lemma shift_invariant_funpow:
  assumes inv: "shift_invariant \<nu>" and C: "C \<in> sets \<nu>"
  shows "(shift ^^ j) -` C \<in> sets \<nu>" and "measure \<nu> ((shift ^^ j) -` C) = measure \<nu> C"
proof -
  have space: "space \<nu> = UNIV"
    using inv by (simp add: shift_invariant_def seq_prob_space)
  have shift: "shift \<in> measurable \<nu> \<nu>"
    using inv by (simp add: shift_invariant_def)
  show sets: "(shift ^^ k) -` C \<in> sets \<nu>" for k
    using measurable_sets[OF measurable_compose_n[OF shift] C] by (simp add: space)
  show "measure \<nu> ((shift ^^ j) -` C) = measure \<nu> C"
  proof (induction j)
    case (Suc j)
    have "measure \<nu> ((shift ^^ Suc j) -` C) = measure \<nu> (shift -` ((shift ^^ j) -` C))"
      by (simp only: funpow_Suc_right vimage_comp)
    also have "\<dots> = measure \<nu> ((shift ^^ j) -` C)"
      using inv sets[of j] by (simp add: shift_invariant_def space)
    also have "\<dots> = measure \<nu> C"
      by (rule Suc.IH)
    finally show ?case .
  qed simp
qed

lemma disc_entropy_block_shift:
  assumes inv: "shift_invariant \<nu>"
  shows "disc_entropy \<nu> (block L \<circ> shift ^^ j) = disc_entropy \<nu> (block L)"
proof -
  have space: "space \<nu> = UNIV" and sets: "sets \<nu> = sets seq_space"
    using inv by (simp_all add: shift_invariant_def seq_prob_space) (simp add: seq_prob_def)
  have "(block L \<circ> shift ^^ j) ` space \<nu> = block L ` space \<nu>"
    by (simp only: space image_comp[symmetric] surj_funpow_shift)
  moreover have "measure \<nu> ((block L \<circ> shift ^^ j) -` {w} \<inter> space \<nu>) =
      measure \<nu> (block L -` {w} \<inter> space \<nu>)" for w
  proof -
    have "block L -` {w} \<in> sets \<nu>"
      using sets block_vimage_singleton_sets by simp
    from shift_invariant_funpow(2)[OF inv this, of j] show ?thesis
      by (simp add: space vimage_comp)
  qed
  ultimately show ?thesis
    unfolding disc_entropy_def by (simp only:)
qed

#### What you are asked to do:
Each record needs to be copied out again, letter for letter.

#### Expected answer:
lemma shift_invariant_funpow:
  assumes inv: "shift_invariant \<nu>" and C: "C \<in> sets \<nu>"
  shows "(shift ^^ j) -` C \<in> sets \<nu>" and "measure \<nu> ((shift ^^ j) -` C) = measure \<nu> C"
proof -
  have space: "space \<nu> = UNIV"
    using inv by (simp add: shift_invariant_def seq_prob_space)
  have shift: "shift \<in> measurable \<nu> \<nu>"
    using inv by (simp add: shift_invariant_def)
  show sets: "(shift ^^ k) -` C \<in> sets \<nu>" for k
    using measurable_sets[OF measurable_compose_n[OF shift] C] by (simp add: space)
  show "measure \<nu> ((shift ^^ j) -` C) = measure \<nu> C"
  proof (induction j)
    case (Suc j)
    have "measure \<nu> ((shift ^^ Suc j) -` C) = measure \<nu> (shift -` ((shift ^^ j) -` C))"
      by (simp only: funpow_Suc_right vimage_comp)
    also have "\<dots> = measure \<nu> ((shift ^^ j) -` C)"
      using inv sets[of j] by (simp add: shift_invariant_def space)
    also have "\<dots> = measure \<nu> C"
      by (rule Suc.IH)
    finally show ?case .
  qed simp
qed

lemma disc_entropy_block_shift:
  assumes inv: "shift_invariant \<nu>"
  shows "disc_entropy \<nu> (block L \<circ> shift ^^ j) = disc_entropy \<nu> (block L)"
proof -
  have space: "space \<nu> = UNIV" and sets: "sets \<nu> = sets seq_space"
    using inv by (simp_all add: shift_invariant_def seq_prob_space) (simp add: seq_prob_def)
  have "(block L \<circ> shift ^^ j) ` space \<nu> = block L ` space \<nu>"
    by (simp only: space image_comp[symmetric] surj_funpow_shift)
  moreover have "measure \<nu> ((block L \<circ> shift ^^ j) -` {w} \<inter> space \<nu>) =
      measure \<nu> (block L -` {w} \<inter> space \<nu>)" for w
  proof -
    have "block L -` {w} \<in> sets \<nu>"
      using sets block_vimage_singleton_sets by simp
    from shift_invariant_funpow(2)[OF inv this, of j] show ?thesis
      by (simp add: space vimage_comp)
  qed
  ultimately show ?thesis
    unfolding disc_entropy_def by (simp only:)
qed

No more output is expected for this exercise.